What was the filesystem on your raid? Hopefully it's as simple as moving
the "start of partition", breaking the raid completely, and you can just
mount the filesystem.

I *think* it was EXT4, but. it might be the XFS one. I think I let it default
and openSUSE appears to prefer the XFS file system for RAID devices.
Definitely one of those two. I built it close to a decade ago, so I'll be moving
the data to the new /home array.

What really worries me is how and why it both recognised it as a raid,
then thought it needed to be converted to raid-0. That just sounds wrong
on so many levels. Did you let it mess with your superblocks?
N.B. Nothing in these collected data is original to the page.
lemma hom_normalize: "t \<noteq> 0 \<Longrightarrow> (s : t : u : v) = (s / t : 1 : u / t : v / t)"
  using hom_scale[of "1 / t" s t u v] by simp

lemma sym_D1_2_proj_point: "sym_D1_2 (proj_point x) = (x$3 / x$2, x$4 / x$2)"
proof -
  have "(SOME y. y \<in> proj_point x) \<in> proj_point x"
    using proj_point_self by (rule someI)
  then obtain c where "c \<noteq> 0" "(SOME y. y \<in> proj_point x) = c *s x"
    by (rule proj_point_memE)
  then show ?thesis
    unfolding sym_D1_2_def Let_def by simp
qed

lemma sym_D1_2_hom: "sym_D1_2 (s : t : u : v) = (u / t, v / t)"
  unfolding hom_def sym_D1_2_proj_point by simp

lemma sym_D1_2_J: "sym_D1_2 (J z w) = F (sym (z, w))"
  unfolding J_def sym_D1_2_hom F_def sym_def by simp

lemma Union_CP3: "\<Union>CP3 = - {0}"
proof
  have "y \<noteq> 0" if "x \<noteq> 0" "y \<in> proj_point x" for x y
    using that by (auto elim!: proj_point_memE simp: vec_eq_iff)
  then show "\<Union>CP3 \<subseteq> - {0}"
    unfolding CP3_def by blast
  show "- {0} \<subseteq> \<Union>CP3"
    unfolding CP3_def using proj_point_self by blast
qed

lemma CP3_eq_proj_point: "P \<in> CP3 \<Longrightarrow> x \<in> P \<Longrightarrow> P = proj_point x"
  unfolding CP3_def using proj_point_eq_of_mem by blast

lemma istopology_CP3: "istopology (\<lambda>U. U \<subseteq> CP3 \<and> open (\<Union>U))"
proof -
  have "\<Union>(S \<inter> T) = \<Union>S \<inter> \<Union>T" if "S \<subseteq> CP3" "T \<subseteq> CP3" for S T
  proof
    show "\<Union>S \<inter> \<Union>T \<subseteq> \<Union>(S \<inter> T)"
    proof
      fix x assume "x \<in> \<Union>S \<inter> \<Union>T"
      then obtain P Q where "P \<in> S" "Q \<in> T" "x \<in> P" "x \<in> Q" by blast
      moreover from this have "P = Q"
        using that CP3_eq_proj_point by (metis subsetD)
      ultimately show "x \<in> \<Union>(S \<inter> T)" by blast
    qed
  qed blast
  moreover have "\<Union>(\<Union>K) = (\<Union>S\<in>K. \<Union>S)" for K :: "(complex^4) set set set"
    by blast
  ultimately show ?thesis
    unfolding istopology_def by auto
qed

lemma openin_CP3_top: "openin CP3_top U \<longleftrightarrow> U \<subseteq> CP3 \<and> open (\<Union>U)"
  unfolding CP3_top_def using istopology_CP3 by simp

lemma topspace_CP3_top: "topspace CP3_top = CP3"
proof -
  have "openin CP3_top CP3"
    unfolding openin_CP3_top Union_CP3 by auto
  then show ?thesis
    using openin_subset openin_CP3_top openin_topspace by blast
qed

lemma continuous_map_proj_point: "continuous_map (subtopology euclidean (- {0})) CP3_top proj_point"
  unfolding continuous_map_def
proof (intro conjI allI impI)
  show "proj_point \<in> topspace (subtopology euclidean (- {0})) \<rightarrow> topspace CP3_top"
    unfolding topspace_CP3_top by (auto simp: CP3_def)
  fix U assume U: "openin CP3_top U"
  have "proj_point x \<in> U \<longleftrightarrow> x \<in> \<Union>U" if "x \<noteq> 0" for x
    using U proj_point_self CP3_eq_proj_point unfolding openin_CP3_top by blast
  then have "{x \<in> topspace (subtopology euclidean (- {0})). proj_point x \<in> U} = \<Union>U \<inter> - {0}"
    by auto
  then show "openin (subtopology euclidean (- {0}))
      {x \<in> topspace (subtopology euclidean (- {0})). proj_point x \<in> U}"
    using U unfolding openin_CP3_top openin_subtopology by auto
qed

lemma compactin_CP3_top_proj_point_image:
  assumes "compact C" "0 \<notin> C"
  shows "compactin CP3_top (proj_point ` C)"
proof -
  have "compactin (subtopology euclidean (- {0})) C"
    using assms by (auto simp: compactin_subtopology)
  then show ?thesis
    using continuous_map_proj_point by (rule image_compactin)
qed

lemma holo4_on_coordinate_quotients: "holo4_on (\<lambda>y. (y$i / y$k, y$j / y$k)) {y. y$k \<noteq> 0}"
  unfolding holo4_on_def
proof (intro ballI exI conjI allI)
  fix y :: "complex^4"
  assume "y \<in> {y. y$k \<noteq> 0}"
  then have "y$k \<noteq> 0" by simp
  have nth: "((\<lambda>x. x$l) has_derivative (\<lambda>h. h$l)) (at y)" for l
    using bounded_linear_vec_nth by (rule bounded_linear_imp_has_derivative)
  define L where "L h = ((h$i * y$k - y$i * h$k) / (y$k * y$k), (h$j * y$k - y$j * h$k) / (y$k * y$k))"
    for h :: "complex^4"
  show "((\<lambda>y. (y$i / y$k, y$j / y$k)) has_derivative L) (at y)"
    unfolding L_def by (intro has_derivative_Pair has_derivative_divide' nth \<open>y$k \<noteq> 0\<close>)
  show "L (c *s v) = (c * fst (L v), c * snd (L v))" for c v
    unfolding L_def by (simp add: algebra_simps)
qed

text \<open>The conditions defining D1 at (u/t, v/t), multiplied by |t|^2.\<close>
definition D1_cone :: "complex \<Rightarrow> complex \<Rightarrow> complex \<Rightarrow> bool" where
  "D1_cone t u v \<longleftrightarrow> cmod (t^2 + u^2 - v^2) < (cmod t)^2 + (cmod u)^2 - (cmod v)^2
     \<and> Im (u * (cnj t + cnj v)) > 0"

lemma D1_cone_one: "D1_cone 1 z1 z2 \<longleftrightarrow> (z1, z2) \<in> D1"
  unfolding D1_cone_def D1_def by simp

lemma Im_cone_scale:
  "Im (c * u * (cnj (c * t) + cnj (c * v))) = (cmod c)^2 * Im (u * (cnj t + cnj v))"
proof -
  have "c * u * (cnj (c * t) + cnj (c * v)) = (c * cnj c) * (u * (cnj t + cnj v))"
    by (simp add: algebra_simps)
  also have "c * cnj c = of_real ((cmod c)^2)"
    by (rule complex_norm_square[symmetric])
  finally show ?thesis
    by (simp only:) simp
qed

lemma D1_cone_scale: "c \<noteq> 0 \<Longrightarrow> D1_cone (c * t) (c * u) (c * v) \<longleftrightarrow> D1_cone t u v"
proof -
  assume "c \<noteq> 0"
  then have pos: "(cmod c)^2 > 0" by simp
  have "(c * t)^2 + (c * u)^2 - (c * v)^2 = c^2 * (t^2 + u^2 - v^2)"
    by (simp add: algebra_simps)
  then have "cmod ((c * t)^2 + (c * u)^2 - (c * v)^2) = (cmod c)^2 * cmod (t^2 + u^2 - v^2)"
    by (simp add: norm_mult norm_power)
  moreover have "(cmod (c * t))^2 + (cmod (c * u))^2 - (cmod (c * v))^2
      = (cmod c)^2 * ((cmod t)^2 + (cmod u)^2 - (cmod v)^2)"
    by (simp add: norm_mult algebra_simps)
  ultimately show ?thesis
    unfolding D1_cone_def Im_cone_scale using pos by (simp add: zero_less_mult_iff)
qed

lemma norm_power2_diff_ge: "(cmod u)^2 - (cmod v)^2 \<le> cmod (u^2 - v^2)"
proof -
  have "(cmod u)^2 - (cmod v)^2 = Re ((u - v) * cnj (u + v))"
    unfolding cmod_power2 by (simp add: algebra_simps power2_eq_square)
  also have "\<dots> \<le> cmod ((u - v) * cnj (u + v))"
    by (rule complex_Re_le_cmod)
  also have "\<dots> = cmod ((u - v) * (u + v))"
    by (simp only: norm_mult complex_mod_cnj)
  also have "(u - v) * (u + v) = u^2 - v^2"
    by (simp add: algebra_simps power2_eq_square)
  finally show ?thesis .
qed

lemma D1_cone_imp_nonzero: "D1_cone t u v \<Longrightarrow> t \<noteq> 0"
  using norm_power2_diff_ge[of u v] unfolding D1_cone_def by auto

lemma D1_cone_iff: "t \<noteq> 0 \<Longrightarrow> D1_cone t u v \<longleftrightarrow> (u / t, v / t) \<in> D1"
  using D1_cone_scale[of "1 / t" t u v] by (simp add: D1_cone_one)

lemma in_D1_of_null:
  assumes "1 + z1^2 - z2^2 = 0" "Im (z1 * (1 + cnj z2)) > 0"
  shows "(z1, z2) \<in> D1"
proof -
  obtain a b where z1: "z1 = Complex a b" by (metis complex.exhaust)
  obtain c d where z2: "z2 = Complex c d" by (metis complex.exhaust)
  have re: "c^2 - d^2 = 1 + a^2 - b^2" and im: "c * d = a * b"
    using arg_cong[OF assms(1), of Re] arg_cong[OF assms(1), of Im]
    by (simp_all add: z1 z2 power2_eq_square)
  have pos: "b * (1 + c) - a * d > 0"
    using assms(2) by (simp add: z1 z2 algebra_simps)
  have "d^2 < b^2" \<comment> \<open>by re, |z2|^2 = 1 + |z1|^2 - 2 (b^2 - d^2)\<close>
  proof (rule ccontr)
    assume "\<not> d^2 < b^2"
    then have "b^2 \<le> d^2" and c: "1 + a^2 \<le> c^2"
      using re by linarith+
    then have "(1 + a^2) * b^2 \<le> c^2 * d^2"
      by (intro mult_mono) auto
    also have "\<dots> = a^2 * b^2"
      using im by (metis power_mult_distrib)
    finally have "b^2 \<le> 0"
      by (simp add: algebra_simps)
    then have "b = 0"
      by simp
    have "c^2 \<noteq> 0"
      using c zero_le_power2[of a] by linarith
    with im \<open>b = 0\<close> have "d = 0"
      by simp
    with \<open>b = 0\<close> pos show False
      by simp
  qed
  with re have "(cmod z2)^2 < 1 + (cmod z1)^2"
    by (simp add: z1 z2 cmod_power2)
  with assms show ?thesis
    unfolding D1_def by simp
qed

lemma D1_cone_of_null:
  assumes null: "t^2 + u^2 - v^2 = 0" and im: "Im (u * (cnj t + cnj v)) > 0"
  shows "D1_cone t u v"
proof -
  have "t \<noteq> 0"
  proof
    assume "t = 0"
    with null have "u = v \<or> u = - v"
      by (simp add: power2_eq_iff)
    with im \<open>t = 0\<close> show False
      by (auto simp: complex_mult_cnj)
  qed
  have "1 + (u / t)^2 - (v / t)^2 = 0"
    using null \<open>t \<noteq> 0\<close> by (simp add: field_simps)
  moreover have "Im (u / t * (1 + cnj (v / t))) > 0"
    using Im_cone_scale[of "1 / t" u t v] im \<open>t \<noteq> 0\<close> by simp
  ultimately have "(u / t, v / t) \<in> D1"
    by (rule in_D1_of_null)
  with \<open>t \<noteq> 0\<close> show ?thesis
    by (simp add: D1_cone_iff)
qed

lemma D1_2_iff_cone:
  "P \<in> D1_2 \<longleftrightarrow> (\<exists>s t u v. P = (s : t : u : v) \<and> s^2 = t^2 + u^2 - v^2 \<and> D1_cone t u v)"
proof
  assume "P \<in> D1_2"
  then consider
    (finite) t u v where "P = (1 : t : u : v)" "(cmod t)^2 + (cmod u)^2 - (cmod v)^2 > 1"
      "t^2 + u^2 - v^2 = 1" "Im (u * (cnj t + cnj v)) > 0"
  | (infinite) t u v where "P = (0 : t : u : v)" "t^2 + u^2 - v^2 = 0" "Im (u * (cnj t + cnj v)) > 0"
    unfolding D1_2_def by blast
  then show "\<exists>s t u v. P = (s : t : u : v) \<and> s^2 = t^2 + u^2 - v^2 \<and> D1_cone t u v"
  proof cases
    case finite
    then have "1^2 = t^2 + u^2 - v^2" "D1_cone t u v"
      unfolding D1_cone_def by simp_all
    with finite show ?thesis by blast
  next
    case infinite
    then have "0^2 = t^2 + u^2 - v^2" "D1_cone t u v"
      using D1_cone_of_null by simp_all
    with infinite show ?thesis by blast
  qed
next
  assume "\<exists>s t u v. P = (s : t : u : v) \<and> s^2 = t^2 + u^2 - v^2 \<and> D1_cone t u v"
  then obtain s t u v where P: "P = (s : t : u : v)" and quadric: "s^2 = t^2 + u^2 - v^2"
    and cone: "D1_cone t u v" by blast
  show "P \<in> D1_2"
  proof (cases "s = 0")
    case True
    with quadric have "t^2 + u^2 - v^2 = 0"
      by simp
    with True P cone show ?thesis
      unfolding D1_2_def D1_cone_def by blast
  next
    case False
    have "P = (1 : t / s : u / s : v / s)"
      using P hom_scale[of "1 / s" s t u v] False by simp
    have "(t / s)^2 + (u / s)^2 - (v / s)^2 = (t^2 + u^2 - v^2) / s^2"
      by (simp add: power_divide add_divide_distrib diff_divide_distrib)
    also have "\<dots> = 1"
      using False by (simp flip: quadric)
    finally have quadric_1: "(t / s)^2 + (u / s)^2 - (v / s)^2 = 1" .
    have "D1_cone (t / s) (u / s) (v / s)"
      using D1_cone_scale[of "1 / s" t u v] cone False by simp
    then have "(cmod (t / s))^2 + (cmod (u / s))^2 - (cmod (v / s))^2 > 1"
      "Im (u / s * (cnj (t / s) + cnj (v / s))) > 0"
      unfolding D1_cone_def quadric_1 by simp_all
    with \<open>P = (1 : t / s : u / s : v / s)\<close> quadric_1 show ?thesis
      unfolding D1_2_def by blast
  qed
qed

lemma D1_2_eq: "D1_2 = {(\<sigma> : 1 : z1 : z2) | \<sigma> z1 z2. (z1, z2) \<in> D1 \<and> \<sigma>^2 = 1 + z1^2 - z2^2}"
proof (intro equalityI subsetI)
  fix P assume "P \<in> D1_2"
  then obtain s t u v where P: "P = (s : t : u : v)" and quadric: "s^2 = t^2 + u^2 - v^2"
    and cone: "D1_cone t u v"
    unfolding D1_2_iff_cone by blast
  from cone have "t \<noteq> 0"
    by (rule D1_cone_imp_nonzero)
  have "(s / t)^2 = s^2 / t^2"
    by (simp add: power_divide)
  also have "\<dots> = 1 + (u / t)^2 - (v / t)^2"
    using quadric \<open>t \<noteq> 0\<close> by (simp add: power_divide add_divide_distrib diff_divide_distrib)
  finally have "(s / t)^2 = 1 + (u / t)^2 - (v / t)^2" .
  moreover have "P = (s / t : 1 : u / t : v / t)"
    unfolding P using \<open>t \<noteq> 0\<close> by (rule hom_normalize)
  moreover have "(u / t, v / t) \<in> D1"
    using cone \<open>t \<noteq> 0\<close> by (simp add: D1_cone_iff)
  ultimately show "P \<in> {(\<sigma> : 1 : z1 : z2) | \<sigma> z1 z2. (z1, z2) \<in> D1 \<and> \<sigma>^2 = 1 + z1^2 - z2^2}"
    by (intro CollectI exI conjI) assumption+
next
  fix P assume "P \<in> {(\<sigma> : 1 : z1 : z2) | \<sigma> z1 z2. (z1, z2) \<in> D1 \<and> \<sigma>^2 = 1 + z1^2 - z2^2}"
  then obtain \<sigma> z1 z2 where P: "P = (\<sigma> : 1 : z1 : z2)" and "(z1, z2) \<in> D1"
    and "\<sigma>^2 = 1 + z1^2 - z2^2"
    by blast
  then have "\<sigma>^2 = 1^2 + z1^2 - z2^2" "D1_cone 1 z1 z2"
    by (simp_all add: D1_cone_one)
  with P show "P \<in> D1_2"
    unfolding D1_2_iff_cone by blast
qed

lemma D1_2E:
  assumes "P \<in> D1_2"
  obtains \<sigma> z1 z2 where "P = (\<sigma> : 1 : z1 : z2)" "(z1, z2) \<in> D1" "\<sigma>^2 = 1 + z1^2 - z2^2"
  using assms unfolding D1_2_eq by blast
I hope you
said "don't touch those drives"?

In retrospect, I ought to have left the drives unplugged until the install was
done. The installer saw that they were RAID so it RAID-ed them. Only it
seems to have decided on type 0 over type 1. I wasn't attentive because
I've upgraded Linux so many times and it was "just done correctly" without
having to give it a lot of thought. "If only" I'd thought to back up
email and ssh.
(1.5TB of photos are likely okay.)

Thank you so much for your reply and potentially help :)

If it says the drive is active ...

When you get and run lsdrv, see if it finds a filesystem on the raid-0 - I suspect it might!

There's a bug, which should be well fixed, but it might have bitten you. It breaks raid arrays. But if the drive is active, it might well mount, and you will be running a degraded mirror. Mount it read-only, back it up, and then see whether you can force-assemble the two bits back together :-)

But don't do anything if you have any trouble whatsoever mounting and backing up.